#### The problem
Give back all of the data exactly. Leave nothing out.

++++++

lemma mem_borel_measurable:
  assumes "f \<in> Y"
  shows "f \<in> borel_measurable M"
proof -
  have "Y \<subseteq> borel_measurable M"
    using bfs unfolding banach_function_space_def by (elim conjE)
  then show ?thesis
    using assms by blast
qed

lemma add_mem:
  assumes "f \<in> Y" and "g \<in> Y"
  shows "(\<lambda>x. f x + g x) \<in> Y"
proof -
  have "\<forall>f\<in>Y. \<forall>g\<in>Y. (\<lambda>x. f x + g x) \<in> Y"
    using bfs unfolding banach_function_space_def by (elim conjE)
  then show ?thesis
    using assms by blast
qed

lemma scale_mem:
  assumes "f \<in> Y"
  shows "(\<lambda>x. c * f x) \<in> Y"
proof -
  have "\<forall>f\<in>Y. \<forall>c::real. (\<lambda>x. c * f x) \<in> Y"
    using bfs unfolding banach_function_space_def by (elim conjE)
  then show ?thesis
    using assms by blast
qed

lemma dominated_mem:
  assumes "f \<in> borel_measurable M" and "g \<in> Y" and "\<And>x. \<bar>f x\<bar> \<le> \<bar>g x\<bar>"
  shows "f \<in> Y"
proof -
  have "\<forall>f\<in>borel_measurable M. \<forall>g\<in>Y. (AE x in M. \<bar>f x\<bar> \<le> \<bar>g x\<bar>) \<longrightarrow> f \<in> Y"
    using bfs unfolding banach_function_space_def by (elim conjE)
  moreover have "AE x in M. \<bar>f x\<bar> \<le> \<bar>g x\<bar>"
    using assms(3) by simp
  ultimately show ?thesis
    using assms(1,2) by blast
qed

lemma N_triangle:
  assumes "f \<in> Y" and "g \<in> Y"
  shows "N (\<lambda>x. f x + g x) \<le> N f + N g"
proof -
  have "\<forall>f\<in>Y. \<forall>g\<in>Y. N (\<lambda>x. f x + g x) \<le> N f + N g"
    using bfs unfolding banach_function_space_def by (elim conjE)
  then show ?thesis
    using assms by blast
qed

lemma N_homogeneous:
  assumes "f \<in> Y"
  shows "N (\<lambda>x. c * f x) = \<bar>c\<bar> * N f"
proof -
  have "\<forall>f\<in>Y. \<forall>c::real. N (\<lambda>x. c * f x) = \<bar>c\<bar> * N f"
    using bfs unfolding banach_function_space_def by (elim conjE)
  then show ?thesis
    using assms by blast
qed

lemma N_mono:
  assumes "f \<in> Y" and "g \<in> Y" and "AE x in M. \<bar>f x\<bar> \<le> \<bar>g x\<bar>"
  shows "N f \<le> N g"
proof -
  have "\<forall>f\<in>Y. \<forall>g\<in>Y. (AE x in M. \<bar>f x\<bar> \<le> \<bar>g x\<bar>) \<longrightarrow> N f \<le> N g"
    using bfs unfolding banach_function_space_def by (elim conjE)
  then show ?thesis
    using assms by blast
qed

lemma N_cong_abs: "f \<in> Y \<Longrightarrow> g \<in> Y \<Longrightarrow> (\<And>x. \<bar>f x\<bar> = \<bar>g x\<bar>) \<Longrightarrow> N f = N g"
  by (intro antisym N_mono) auto

lemma abs_mem:
  assumes "f \<in> Y"
  shows "(\<lambda>x. \<bar>f x\<bar>) \<in> Y"
proof (rule dominated_mem[OF _ assms])
  show "(\<lambda>x. \<bar>f x\<bar>) \<in> borel_measurable M"
    using mem_borel_measurable[OF assms] by measurable
qed simp

lemma diff_mem: "f \<in> Y \<Longrightarrow> g \<in> Y \<Longrightarrow> (\<lambda>x. f x - g x) \<in> Y"
  using add_mem[OF _ scale_mem, of f g "-1"] by simp

lemma min_mem:
  assumes "f \<in> Y" and "g \<in> Y"
  shows "(\<lambda>x. min (f x) (g x)) \<in> Y"
proof (rule dominated_mem[where g = "\<lambda>x. \<bar>f x\<bar> + \<bar>g x\<bar>"])
  show "(\<lambda>x. min (f x) (g x)) \<in> borel_measurable M"
    using mem_borel_measurable[OF assms(1)] mem_borel_measurable[OF assms(2)] by measurable
  show "(\<lambda>x. \<bar>f x\<bar> + \<bar>g x\<bar>) \<in> Y"
    using assms by (intro add_mem abs_mem)
qed auto

lemma positive_part_diff_mem:
  assumes "f \<in> Y" and "g \<in> Y"
  shows "(\<lambda>x. max (f x - g x) 0) \<in> Y"
proof (rule dominated_mem[OF _ diff_mem[OF assms]])
  show "(\<lambda>x. max (f x - g x) 0) \<in> borel_measurable M"
    using mem_borel_measurable[OF assms(1)] mem_borel_measurable[OF assms(2)] by measurable
qed auto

++++++

#### Written solution
lemma mem_borel_measurable:
  assumes "f \<in> Y"
  shows "f \<in> borel_measurable M"
proof -
  have "Y \<subseteq> borel_measurable M"
    using bfs unfolding banach_function_space_def by (elim conjE)
  then show ?thesis
    using assms by blast
qed

lemma add_mem:
  assumes "f \<in> Y" and "g \<in> Y"
  shows "(\<lambda>x. f x + g x) \<in> Y"
proof -
  have "\<forall>f\<in>Y. \<forall>g\<in>Y. (\<lambda>x. f x + g x) \<in> Y"
    using bfs unfolding banach_function_space_def by (elim conjE)
  then show ?thesis
    using assms by blast
qed

lemma scale_mem:
  assumes "f \<in> Y"
  shows "(\<lambda>x. c * f x) \<in> Y"
proof -
  have "\<forall>f\<in>Y. \<forall>c::real. (\<lambda>x. c * f x) \<in> Y"
    using bfs unfolding banach_function_space_def by (elim conjE)
  then show ?thesis
    using assms by blast
qed

lemma dominated_mem:
  assumes "f \<in> borel_measurable M" and "g \<in> Y" and "\<And>x. \<bar>f x\<bar> \<le> \<bar>g x\<bar>"
  shows "f \<in> Y"
proof -
  have "\<forall>f\<in>borel_measurable M. \<forall>g\<in>Y. (AE x in M. \<bar>f x\<bar> \<le> \<bar>g x\<bar>) \<longrightarrow> f \<in> Y"
    using bfs unfolding banach_function_space_def by (elim conjE)
  moreover have "AE x in M. \<bar>f x\<bar> \<le> \<bar>g x\<bar>"
    using assms(3) by simp
  ultimately show ?thesis
    using assms(1,2) by blast
qed

lemma N_triangle:
  assumes "f \<in> Y" and "g \<in> Y"
  shows "N (\<lambda>x. f x + g x) \<le> N f + N g"
proof -
  have "\<forall>f\<in>Y. \<forall>g\<in>Y. N (\<lambda>x. f x + g x) \<le> N f + N g"
    using bfs unfolding banach_function_space_def by (elim conjE)
  then show ?thesis
    using assms by blast
qed

lemma N_homogeneous:
  assumes "f \<in> Y"
  shows "N (\<lambda>x. c * f x) = \<bar>c\<bar> * N f"
proof -
  have "\<forall>f\<in>Y. \<forall>c::real. N (\<lambda>x. c * f x) = \<bar>c\<bar> * N f"
    using bfs unfolding banach_function_space_def by (elim conjE)
  then show ?thesis
    using assms by blast
qed

lemma N_mono:
  assumes "f \<in> Y" and "g \<in> Y" and "AE x in M. \<bar>f x\<bar> \<le> \<bar>g x\<bar>"
  shows "N f \<le> N g"
proof -
  have "\<forall>f\<in>Y. \<forall>g\<in>Y. (AE x in M. \<bar>f x\<bar> \<le> \<bar>g x\<bar>) \<longrightarrow> N f \<le> N g"
    using bfs unfolding banach_function_space_def by (elim conjE)
  then show ?thesis
    using assms by blast
qed

lemma N_cong_abs: "f \<in> Y \<Longrightarrow> g \<in> Y \<Longrightarrow> (\<And>x. \<bar>f x\<bar> = \<bar>g x\<bar>) \<Longrightarrow> N f = N g"
  by (intro antisym N_mono) auto

lemma abs_mem:
  assumes "f \<in> Y"
  shows "(\<lambda>x. \<bar>f x\<bar>) \<in> Y"
proof (rule dominated_mem[OF _ assms])
  show "(\<lambda>x. \<bar>f x\<bar>) \<in> borel_measurable M"
    using mem_borel_measurable[OF assms] by measurable
qed simp

lemma diff_mem: "f \<in> Y \<Longrightarrow> g \<in> Y \<Longrightarrow> (\<lambda>x. f x - g x) \<in> Y"
  using add_mem[OF _ scale_mem, of f g "-1"] by simp

lemma min_mem:
  assumes "f \<in> Y" and "g \<in> Y"
  shows "(\<lambda>x. min (f x) (g x)) \<in> Y"
proof (rule dominated_mem[where g = "\<lambda>x. \<bar>f x\<bar> + \<bar>g x\<bar>"])
  show "(\<lambda>x. min (f x) (g x)) \<in> borel_measurable M"
    using mem_borel_measurable[OF assms(1)] mem_borel_measurable[OF assms(2)] by measurable
  show "(\<lambda>x. \<bar>f x\<bar> + \<bar>g x\<bar>) \<in> Y"
    using assms by (intro add_mem abs_mem)
qed auto

lemma positive_part_diff_mem:
  assumes "f \<in> Y" and "g \<in> Y"
  shows "(\<lambda>x. max (f x - g x) 0) \<in> Y"
proof (rule dominated_mem[OF _ diff_mem[OF assms]])
  show "(\<lambda>x. max (f x - g x) 0) \<in> borel_measurable M"
    using mem_borel_measurable[OF assms(1)] mem_borel_measurable[OF assms(2)] by measurable
qed auto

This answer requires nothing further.